I have debugged this issue myself and fixed it. See the above linked github issue for more details.
Could be that Google realizes this has been a screwup and they’re backpedalling on it.
Actually, I did give a useful tip on how to start solving this problem to @considerthis1. However, whenever the boat gets rocked, it’ll take a while for the ripples in the water to smooth out. There’s no telling what helpful stuff the community will come up with in the near term. For some, patience will be required.
I’m a developer and could automate upscaling of featured images if I wanted to. If you’re not a dev, you can pay one to build it for you. Or just wait until someone builds it for free. Maybe there’s a WP plugin out there that can be applied to the problem. WP’s own media library won’t let you scale images larger, only lower.

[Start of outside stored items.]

lemma \<kappa>_antimono_low: "1 \<le> a \<Longrightarrow> a \<le> b \<Longrightarrow> b \<le> k \<Longrightarrow> \<kappa> b \<le> \<kappa> a"
  using \<kappa>_decreasing_low[of a b] by (cases "a = b") auto

lemma \<kappa>_antimono_high: "k < a \<Longrightarrow> a \<le> b \<Longrightarrow> b \<le> n \<Longrightarrow> \<kappa> b \<le> \<kappa> a"
  using \<kappa>_decreasing_high[of a b] by (cases "a = b") auto

lemma \<kappa>_neg_imp_le_k: "1 \<le> a \<Longrightarrow> a \<le> n \<Longrightarrow> \<kappa> a < 0 \<Longrightarrow> a \<le> k"
  using \<kappa>_pos_high[of a] by fastforce

lemma Inv_subset_regions: "Inv n w \<subseteq> base_region k n \<union> top_region k"
proof
  fix \<alpha> assume \<alpha>: "\<alpha> \<in> Inv n w"
  then have "\<alpha> \<in> pos_roots n" by (simp add: Inv_def)
  then consider (minus) a b where "\<alpha> = vsub (ev a) (ev b)" "1 \<le> a" "a < b" "b \<le> n"
    | (plus) a b where "\<alpha> = vadd (ev a) (ev b)" "1 \<le> a" "a < b" "b \<le> n"
    | (unit) a where "\<alpha> = ev a" "1 \<le> a" "a \<le> n"
    unfolding pos_roots_def by blast
  then show "\<alpha> \<in> base_region k n \<union> top_region k"
  proof cases
    case minus
    with \<alpha> have "\<kappa> a < \<kappa> b" by (simp add: vsub_ev_in_Inv_iff)
    then have "\<not> (k < a)" "\<not> (b \<le> k)"
      using minus \<kappa>_decreasing_low[of a b] \<kappa>_decreasing_high[of a b] by auto
    with minus show ?thesis by (simp add: vsub_ev_mem_base_region)
  next
    case plus
    show ?thesis
    proof (cases "b \<le> k")
      case True
      with plus show ?thesis by (simp add: vadd_ev_mem_top_region)
    next
      case False
      with plus \<alpha> have "\<kappa> a + \<kappa> b < 0" "0 < \<kappa> b"
        by (simp_all add: vadd_ev_in_Inv_iff \<kappa>_pos_high)
      with plus have "a \<le> k" by (simp add: \<kappa>_neg_imp_le_k)
      with plus False show ?thesis by (simp add: vadd_ev_mem_base_region)
    qed
  next
    case unit
    with \<alpha> have "a \<le> k" by (simp add: ev_in_Inv_iff \<kappa>_neg_imp_le_k)
    with unit show ?thesis by (simp add: ev_mem_base_region)
  qed
qed

lemma Inv_base_row_cases:
  assumes "\<beta> \<in> Inv n w" "\<beta> \<in> base_row_idx k n c" "1 \<le> c" "c \<le> k"
  obtains (unit) "\<beta> = ev c" "\<kappa> c < 0"
    | (minus) d where "\<beta> = vsub (ev c) (ev d)" "k < d" "d \<le> n" "\<kappa> c < \<kappa> d"
    | (plus) d where "\<beta> = vadd (ev c) (ev d)" "k < d" "d \<le> n" "\<kappa> c + \<kappa> d < 0"
  using assms(2)
proof (cases rule: base_row_idx_cases)
  case unit
  with assms k_le_n that(1) show ?thesis by (simp add: ev_in_Inv_iff)
next
  case (minus d)
  with assms that(2) show ?thesis by (simp add: vsub_ev_in_Inv_iff)
next
  case (plus d)
  with assms that(3) show ?thesis by (simp add: vadd_ev_in_Inv_iff)
qed

lemma Inv_base_region_downward_closed:
  assumes le: "root_le n \<alpha> \<beta>" and \<beta>: "\<beta> \<in> Inv n w" "\<beta> \<in> base_region k n"
    and \<alpha>: "\<alpha> \<in> base_region k n"
  shows "\<alpha> \<in> Inv n w"
proof -
  obtain c where c: "1 \<le> c" "c \<le> k" "\<beta> \<in> base_row_idx k n c"
    using \<beta>(2) by (auto simp: base_region_def)
  obtain a where a: "1 \<le> a" "a \<le> k" "\<alpha> \<in> base_row_idx k n a"
    using \<alpha> by (auto simp: base_region_def)
  have "c \<le> a" using root_le_base_row_index_le[OF le a(3) c(3) a(1,2) c(2) k_le_n] .
  with c(1) a(2) have \<kappa>_ca: "\<kappa> a \<le> \<kappa> c" by (simp add: \<kappa>_antimono_low)
  have total: "sum \<alpha> {1..n} \<le> sum \<beta> {1..n}"
    using root_le_prefix_sum_le[OF le, of n] a(1,2) k_le_n by simp
  from a(3) show ?thesis
  proof (cases rule: base_row_idx_cases)
    case unit
    from \<beta>(1) c(3) c(1,2) have "\<kappa> c < 0"
    proof (cases rule: Inv_base_row_cases)
      case (minus d)
      with total unit a k_le_n show ?thesis by (simp add: sum_vsub sum_ev of_bool_def split: if_splits)
    next
      case (plus d)
      with \<kappa>_pos_high[of d] show ?thesis by simp
    qed
    with \<kappa>_ca unit a k_le_n show ?thesis by (simp add: ev_in_Inv_iff)
  next
    case (minus b)
    note \<alpha>_minus = this
    from \<beta>(1) c(3) c(1,2) have "\<kappa> a < \<kappa> b"
    proof (cases rule: Inv_base_row_cases)
      case unit
      with \<alpha>_minus \<kappa>_ca \<kappa>_pos_high[of b] show ?thesis by simp
    next
      case (minus d)
      with le \<alpha>_minus a c have "b \<le> d" using root_le_vsub_ev_index_le[of n a b c d] by simp
      with \<alpha>_minus minus \<kappa>_antimono_high[of b d] \<kappa>_ca show ?thesis by simp
    next
      case (plus d)
      with \<alpha>_minus \<kappa>_ca \<kappa>_pos_high[of b] \<kappa>_pos_high[of d] show ?thesis by simp
    qed
    with \<alpha>_minus a show ?thesis by (simp add: vsub_ev_in_Inv_iff)
  next
    case (plus b)
    note \<alpha>_plus = this
    from \<beta>(1) c(3) c(1,2) have "\<kappa> a + \<kappa> b < 0"
    proof (cases rule: Inv_base_row_cases)
      case unit
      with total \<alpha>_plus a c k_le_n show ?thesis by (simp add: sum_vadd sum_ev)
    next
      case (minus d)
      with total \<alpha>_plus a c k_le_n show ?thesis by (simp add: sum_vsub sum_vadd sum_ev)
    next
      case (plus d)
      with le \<alpha>_plus a c have "d \<le> b" using root_le_vadd_ev_index_le(2)[of n a b c d] by simp
      with \<alpha>_plus plus \<kappa>_antimono_high[of d b] \<kappa>_ca show ?thesis by simp
    qed
    with \<alpha>_plus a show ?thesis by (simp add: vadd_ev_in_Inv_iff)
  qed
qed

lemma Inv_top_region_downward_closed:
  assumes le: "root_le n \<alpha> \<beta>" and \<beta>: "\<beta> \<in> Inv n w" "\<beta> \<in> top_region k"
    and \<alpha>: "\<alpha> \<in> top_region k"
  shows "\<alpha> \<in> Inv n w"
proof -
  obtain c d where cd: "\<beta> = vadd (ev c) (ev d)" "1 \<le> c" "c < d" "d \<le> k"
    using \<beta>(2) unfolding top_region_def by blast
  obtain a b where ab: "\<alpha> = vadd (ev a) (ev b)" "1 \<le> a" "a < b" "b \<le> k"
    using \<alpha> unfolding top_region_def by blast
  have "c \<le> a" "d \<le> b"
    using root_le_vadd_ev_index_le[of n a b c d] le ab cd k_le_n by simp_all
  then have "\<kappa> a + \<kappa> b \<le> \<kappa> c + \<kappa> d"
    using ab cd \<kappa>_antimono_low[of c a] \<kappa>_antimono_low[of d b] by simp
  moreover have "\<kappa> c + \<kappa> d < 0"
    using \<beta>(1) cd k_le_n by (simp add: vadd_ev_in_Inv_iff)
  ultimately show ?thesis
    using ab k_le_n by (simp add: vadd_ev_in_Inv_iff)
qed

lemma card_Inv_two_base_rows:
  assumes "1 \<le> a" "a < b" "b \<le> k"
  shows "card (Inv n w \<inter> (base_row_idx k n a \<union> base_row_idx k n b)) =
    card (Inv n w \<inter> base_row_idx k n a) + card (Inv n w \<inter> base_row_idx k n b)"
proof -
  have "base_row_idx k n a \<inter> base_row_idx k n b = {}"
    using assms by (intro base_rows_disjoint) auto
  then show ?thesis
    by (subst Int_Un_distrib, intro card_Un_disjoint) (auto intro: finite_base_row_idx)
qed

lemma card_Inv_two_base_rows_bounds:
  assumes "1 \<le> a" "a < b" "b \<le> k"
  defines "C \<equiv> card (Inv n w \<inter> (base_row_idx k n a \<union> base_row_idx k n b))"
  shows "(\<kappa> a + \<kappa> b < 0 \<longrightarrow> 2 * (n - k) + 1 \<le> C) \<and> (0 < \<kappa> a + \<kappa> b \<longrightarrow> C \<le> 2 * (n - k) + 1)"
proof -
  define A where "A m = {x \<in> {k<..n}. m < \<kappa> x}" for m
  define N where "N m = {x \<in> {k<..n}. m + \<kappa> x < 0}" for m
  have C: "C = card (A (\<kappa> a)) + card (N (\<kappa> a)) + of_bool (\<kappa> a < 0)
             + card (A (\<kappa> b)) + card (N (\<kappa> b)) + of_bool (\<kappa> b < 0)"
    unfolding C_def A_def N_def using assms k_le_n
    by (simp add: card_Inv_two_base_rows card_Inv_base_row)
  have card_A_le: "card (A m) \<le> n - k" for m
    unfolding A_def by (auto intro: order.trans[OF card_mono[of "{k<..n}"]])
  have A_all: "A m = {k<..n}" if "m < 0" for m
    using that \<kappa>_pos_high by (force simp: A_def)
  have N_none: "N m = {}" if "0 < m" for m
    using that \<kappa>_pos_high by (force simp: N_def)
  have "\<kappa> b < \<kappa> a" using \<kappa>_decreasing_low assms by blast
  moreover have "\<kappa> a \<noteq> 0" "\<kappa> b \<noteq> 0" using assms k_le_n by (simp_all add: \<kappa>_nonzero)
  ultimately consider (pos) "0 < \<kappa> b" | (mixed) "\<kappa> b < 0" "0 < \<kappa> a" | (neg) "\<kappa> a < 0"
    by linarith
  then show ?thesis
  proof cases
    case pos
    with \<open>\<kappa> b < \<kappa> a\<close> have "C = card (A (\<kappa> a)) + card (A (\<kappa> b))"
      by (simp add: C N_none)
    with card_A_le[of "\<kappa> a"] card_A_le[of "\<kappa> b"] pos \<open>\<kappa> b < \<kappa> a\<close> show ?thesis by simp
  next
    case neg
    with \<open>\<kappa> b < \<kappa> a\<close> show ?thesis by (simp add: C A_all)
  next
    case mixed
    then have "C = card (A (\<kappa> a)) + card (N (\<kappa> b)) + (n - k) + 1"
      by (simp add: C A_all N_none)
    with card_above_add_card_below[of "{k<..n}" "\<kappa> a" "\<kappa> b" \<kappa>] show ?thesis
      unfolding A_def N_def by auto
  qed
qed

lemma support_condition:
  assumes "1 \<le> a" "a < b" "b \<le> k"
  shows "let c = card (Inv n w \<inter> (base_row k n (k + 1 - a) \<union> base_row k n (k + 1 - b))) in
           (c > 2 * n + 1 - 2 * k \<longrightarrow> vadd (ev a) (ev b) \<in> Inv n w) \<and>
           (c < 2 * n + 1 - 2 * k \<longrightarrow> vadd (ev a) (ev b) \<notin> Inv n w)"
proof -
  have rows: "base_row k n (k + 1 - a) = base_row_idx k n a" "base_row k n (k + 1 - b) = base_row_idx k n b"
    using assms by (simp_all add: base_row_def)
  have "\<bar>\<kappa> a\<bar> \<noteq> \<bar>\<kappa> b\<bar>" using abs_\<kappa>_inj[of a b] assms k_le_n by auto
  then have "\<kappa> a + \<kappa> b \<noteq> 0" by linarith
  moreover have "2 * n + 1 - 2 * k = 2 * (n - k) + 1" using k_le_n by simp
  ultimately show ?thesis
    unfolding Let_def rows
    using card_Inv_two_base_rows_bounds[OF assms] vadd_ev_in_Inv_iff[of a b] assms k_le_n
    by auto
qed

lemma is_W_OG_diagram_Inv: "is_W_OG_diagram k n (Inv n w)"
  unfolding is_W_OG_diagram_def lower_ideal_def
  using Inv_subset_regions Inv_base_region_downward_closed Inv_top_region_downward_closed support_condition
  by blast

end

theorem lemma3p5:
  fixes k n :: nat
  assumes "1 \<le> k" and "k < n"
  shows "Y_OG k n \<subseteq> Theta k n"
proof
  fix S assume "S \<in> Y_OG k n"
  then obtain w where w: "w \<in> W_OG k n" and S: "S = Inv n w" unfolding Y_OG_def by blast
  interpret grassmannian_signed_perm n w k
    using grassmannian_signed_perm_if_W_OG[OF w] assms(2) by simp
  show "S \<in> Theta k n" unfolding Theta_def S using is_W_OG_diagram_Inv by simp
qed

end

Google is asking for 1200px wide images, so there’s no rational reason to assume it will have negative impacts on your SEO. Especially if you weren’t actually displaying the featured image in the first place (a reference to it will still appear in the AMP source), like me. And in that case, the image also can’t possibly have a negative impact on your layout. Literally nothing changes.
If you are displaying the featured image and do not want to display it quite so large (and assuming you want to keep using this plugin), then you’ve got no option but to wait until this plugin’s authors add an option for setting maximum limits on the displayed featured image.
- This reply was modified 5 years, 10 months ago by Jay.
Where does it say there’s a max 675 height limit? It’s not on the google webmaster guideline page linked earlier in this thread. I’ve fixed a site with higher than 675 images and search console tells me the validation is ‘looking good’.
We? So you’re deciding for everybody else?
Not sure what you’re trying to say, but I highly recommend that people learn the existing definitions of words and then use them correctly. Talking about ‘size’ in reference to ‘dimensions’ creates confusion and costs time.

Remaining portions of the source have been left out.